YOUR OBJECTIVE :: Repeat each line of the data exactly as written.

(Saved entries)
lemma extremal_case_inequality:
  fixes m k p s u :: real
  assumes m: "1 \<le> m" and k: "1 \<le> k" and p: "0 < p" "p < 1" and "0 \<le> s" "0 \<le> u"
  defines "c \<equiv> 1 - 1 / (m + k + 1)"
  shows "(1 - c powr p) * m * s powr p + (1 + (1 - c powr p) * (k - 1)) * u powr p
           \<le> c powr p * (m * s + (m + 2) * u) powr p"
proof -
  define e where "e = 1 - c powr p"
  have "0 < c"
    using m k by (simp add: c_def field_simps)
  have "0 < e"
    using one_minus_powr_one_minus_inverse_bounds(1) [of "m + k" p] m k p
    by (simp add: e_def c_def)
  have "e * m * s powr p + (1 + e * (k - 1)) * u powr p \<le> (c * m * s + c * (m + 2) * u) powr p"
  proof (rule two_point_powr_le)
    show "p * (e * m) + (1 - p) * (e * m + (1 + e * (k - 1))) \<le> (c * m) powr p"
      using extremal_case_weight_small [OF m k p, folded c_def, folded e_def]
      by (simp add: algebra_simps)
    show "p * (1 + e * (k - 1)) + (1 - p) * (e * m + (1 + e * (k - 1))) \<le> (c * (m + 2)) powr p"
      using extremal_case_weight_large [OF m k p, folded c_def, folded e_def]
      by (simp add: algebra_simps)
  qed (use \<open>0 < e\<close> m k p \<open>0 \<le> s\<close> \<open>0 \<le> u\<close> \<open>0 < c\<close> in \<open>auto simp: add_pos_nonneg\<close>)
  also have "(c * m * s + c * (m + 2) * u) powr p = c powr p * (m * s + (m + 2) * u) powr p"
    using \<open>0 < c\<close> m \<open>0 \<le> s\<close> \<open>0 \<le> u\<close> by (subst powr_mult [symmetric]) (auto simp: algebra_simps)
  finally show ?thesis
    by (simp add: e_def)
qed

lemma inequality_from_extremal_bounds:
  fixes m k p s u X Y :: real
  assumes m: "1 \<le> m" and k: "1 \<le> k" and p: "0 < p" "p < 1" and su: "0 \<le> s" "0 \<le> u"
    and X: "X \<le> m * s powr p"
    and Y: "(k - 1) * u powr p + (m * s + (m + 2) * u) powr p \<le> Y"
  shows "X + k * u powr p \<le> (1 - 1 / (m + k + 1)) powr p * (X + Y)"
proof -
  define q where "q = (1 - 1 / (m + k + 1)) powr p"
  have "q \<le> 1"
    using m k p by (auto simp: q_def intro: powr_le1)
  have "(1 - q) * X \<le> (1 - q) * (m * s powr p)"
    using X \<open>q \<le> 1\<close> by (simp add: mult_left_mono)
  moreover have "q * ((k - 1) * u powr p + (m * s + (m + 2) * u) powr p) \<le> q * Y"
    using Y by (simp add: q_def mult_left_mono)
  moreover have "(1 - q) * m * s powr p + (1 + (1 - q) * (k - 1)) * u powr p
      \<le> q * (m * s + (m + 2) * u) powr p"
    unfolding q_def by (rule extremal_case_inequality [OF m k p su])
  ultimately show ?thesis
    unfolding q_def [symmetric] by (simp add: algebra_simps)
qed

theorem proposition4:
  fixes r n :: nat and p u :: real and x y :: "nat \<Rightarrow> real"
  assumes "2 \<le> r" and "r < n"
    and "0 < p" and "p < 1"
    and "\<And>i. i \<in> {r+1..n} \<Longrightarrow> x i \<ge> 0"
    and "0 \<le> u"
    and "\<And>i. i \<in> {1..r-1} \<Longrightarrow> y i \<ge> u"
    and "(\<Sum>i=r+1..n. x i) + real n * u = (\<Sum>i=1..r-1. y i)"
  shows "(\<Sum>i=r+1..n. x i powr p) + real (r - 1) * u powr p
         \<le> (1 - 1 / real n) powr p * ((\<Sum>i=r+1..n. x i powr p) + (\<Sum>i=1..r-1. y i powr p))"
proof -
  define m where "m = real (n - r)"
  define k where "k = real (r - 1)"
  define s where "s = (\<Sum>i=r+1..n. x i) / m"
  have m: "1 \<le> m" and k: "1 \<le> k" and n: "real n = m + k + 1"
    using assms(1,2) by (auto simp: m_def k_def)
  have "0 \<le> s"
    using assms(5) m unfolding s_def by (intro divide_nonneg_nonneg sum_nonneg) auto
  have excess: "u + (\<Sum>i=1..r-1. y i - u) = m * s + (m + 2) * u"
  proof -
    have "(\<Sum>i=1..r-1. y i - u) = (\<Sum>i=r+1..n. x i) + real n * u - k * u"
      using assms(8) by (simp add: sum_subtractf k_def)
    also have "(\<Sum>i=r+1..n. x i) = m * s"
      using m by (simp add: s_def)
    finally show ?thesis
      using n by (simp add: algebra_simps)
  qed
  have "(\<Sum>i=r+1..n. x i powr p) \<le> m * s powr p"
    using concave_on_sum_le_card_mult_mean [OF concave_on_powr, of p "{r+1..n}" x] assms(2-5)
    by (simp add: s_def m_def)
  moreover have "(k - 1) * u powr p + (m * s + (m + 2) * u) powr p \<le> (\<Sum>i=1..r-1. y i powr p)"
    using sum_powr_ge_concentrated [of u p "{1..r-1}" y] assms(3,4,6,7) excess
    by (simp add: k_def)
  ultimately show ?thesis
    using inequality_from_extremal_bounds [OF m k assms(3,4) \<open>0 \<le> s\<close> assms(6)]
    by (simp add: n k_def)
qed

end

SOLUTION FOR THIS EXERCISE ::
lemma extremal_case_inequality:
  fixes m k p s u :: real
  assumes m: "1 \<le> m" and k: "1 \<le> k" and p: "0 < p" "p < 1" and "0 \<le> s" "0 \<le> u"
  defines "c \<equiv> 1 - 1 / (m + k + 1)"
  shows "(1 - c powr p) * m * s powr p + (1 + (1 - c powr p) * (k - 1)) * u powr p
           \<le> c powr p * (m * s + (m + 2) * u) powr p"
proof -
  define e where "e = 1 - c powr p"
  have "0 < c"
    using m k by (simp add: c_def field_simps)
  have "0 < e"
    using one_minus_powr_one_minus_inverse_bounds(1) [of "m + k" p] m k p
    by (simp add: e_def c_def)
  have "e * m * s powr p + (1 + e * (k - 1)) * u powr p \<le> (c * m * s + c * (m + 2) * u) powr p"
  proof (rule two_point_powr_le)
    show "p * (e * m) + (1 - p) * (e * m + (1 + e * (k - 1))) \<le> (c * m) powr p"
      using extremal_case_weight_small [OF m k p, folded c_def, folded e_def]
      by (simp add: algebra_simps)
    show "p * (1 + e * (k - 1)) + (1 - p) * (e * m + (1 + e * (k - 1))) \<le> (c * (m + 2)) powr p"
      using extremal_case_weight_large [OF m k p, folded c_def, folded e_def]
      by (simp add: algebra_simps)
  qed (use \<open>0 < e\<close> m k p \<open>0 \<le> s\<close> \<open>0 \<le> u\<close> \<open>0 < c\<close> in \<open>auto simp: add_pos_nonneg\<close>)
  also have "(c * m * s + c * (m + 2) * u) powr p = c powr p * (m * s + (m + 2) * u) powr p"
    using \<open>0 < c\<close> m \<open>0 \<le> s\<close> \<open>0 \<le> u\<close> by (subst powr_mult [symmetric]) (auto simp: algebra_simps)
  finally show ?thesis
    by (simp add: e_def)
qed

lemma inequality_from_extremal_bounds:
  fixes m k p s u X Y :: real
  assumes m: "1 \<le> m" and k: "1 \<le> k" and p: "0 < p" "p < 1" and su: "0 \<le> s" "0 \<le> u"
    and X: "X \<le> m * s powr p"
    and Y: "(k - 1) * u powr p + (m * s + (m + 2) * u) powr p \<le> Y"
  shows "X + k * u powr p \<le> (1 - 1 / (m + k + 1)) powr p * (X + Y)"
proof -
  define q where "q = (1 - 1 / (m + k + 1)) powr p"
  have "q \<le> 1"
    using m k p by (auto simp: q_def intro: powr_le1)
  have "(1 - q) * X \<le> (1 - q) * (m * s powr p)"
    using X \<open>q \<le> 1\<close> by (simp add: mult_left_mono)
  moreover have "q * ((k - 1) * u powr p + (m * s + (m + 2) * u) powr p) \<le> q * Y"
    using Y by (simp add: q_def mult_left_mono)
  moreover have "(1 - q) * m * s powr p + (1 + (1 - q) * (k - 1)) * u powr p
      \<le> q * (m * s + (m + 2) * u) powr p"
    unfolding q_def by (rule extremal_case_inequality [OF m k p su])
  ultimately show ?thesis
    unfolding q_def [symmetric] by (simp add: algebra_simps)
qed

theorem proposition4:
  fixes r n :: nat and p u :: real and x y :: "nat \<Rightarrow> real"
  assumes "2 \<le> r" and "r < n"
    and "0 < p" and "p < 1"
    and "\<And>i. i \<in> {r+1..n} \<Longrightarrow> x i \<ge> 0"
    and "0 \<le> u"
    and "\<And>i. i \<in> {1..r-1} \<Longrightarrow> y i \<ge> u"
    and "(\<Sum>i=r+1..n. x i) + real n * u = (\<Sum>i=1..r-1. y i)"
  shows "(\<Sum>i=r+1..n. x i powr p) + real (r - 1) * u powr p
         \<le> (1 - 1 / real n) powr p * ((\<Sum>i=r+1..n. x i powr p) + (\<Sum>i=1..r-1. y i powr p))"
proof -
  define m where "m = real (n - r)"
  define k where "k = real (r - 1)"
  define s where "s = (\<Sum>i=r+1..n. x i) / m"
  have m: "1 \<le> m" and k: "1 \<le> k" and n: "real n = m + k + 1"
    using assms(1,2) by (auto simp: m_def k_def)
  have "0 \<le> s"
    using assms(5) m unfolding s_def by (intro divide_nonneg_nonneg sum_nonneg) auto
  have excess: "u + (\<Sum>i=1..r-1. y i - u) = m * s + (m + 2) * u"
  proof -
    have "(\<Sum>i=1..r-1. y i - u) = (\<Sum>i=r+1..n. x i) + real n * u - k * u"
      using assms(8) by (simp add: sum_subtractf k_def)
    also have "(\<Sum>i=r+1..n. x i) = m * s"
      using m by (simp add: s_def)
    finally show ?thesis
      using n by (simp add: algebra_simps)
  qed
  have "(\<Sum>i=r+1..n. x i powr p) \<le> m * s powr p"
    using concave_on_sum_le_card_mult_mean [OF concave_on_powr, of p "{r+1..n}" x] assms(2-5)
    by (simp add: s_def m_def)
  moreover have "(k - 1) * u powr p + (m * s + (m + 2) * u) powr p \<le> (\<Sum>i=1..r-1. y i powr p)"
    using sum_powr_ge_concentrated [of u p "{1..r-1}" y] assms(3,4,6,7) excess
    by (simp add: k_def)
  ultimately show ?thesis
    using inequality_from_extremal_bounds [OF m k assms(3,4) \<open>0 \<le> s\<close> assms(6)]
    by (simp add: n k_def)
qed

end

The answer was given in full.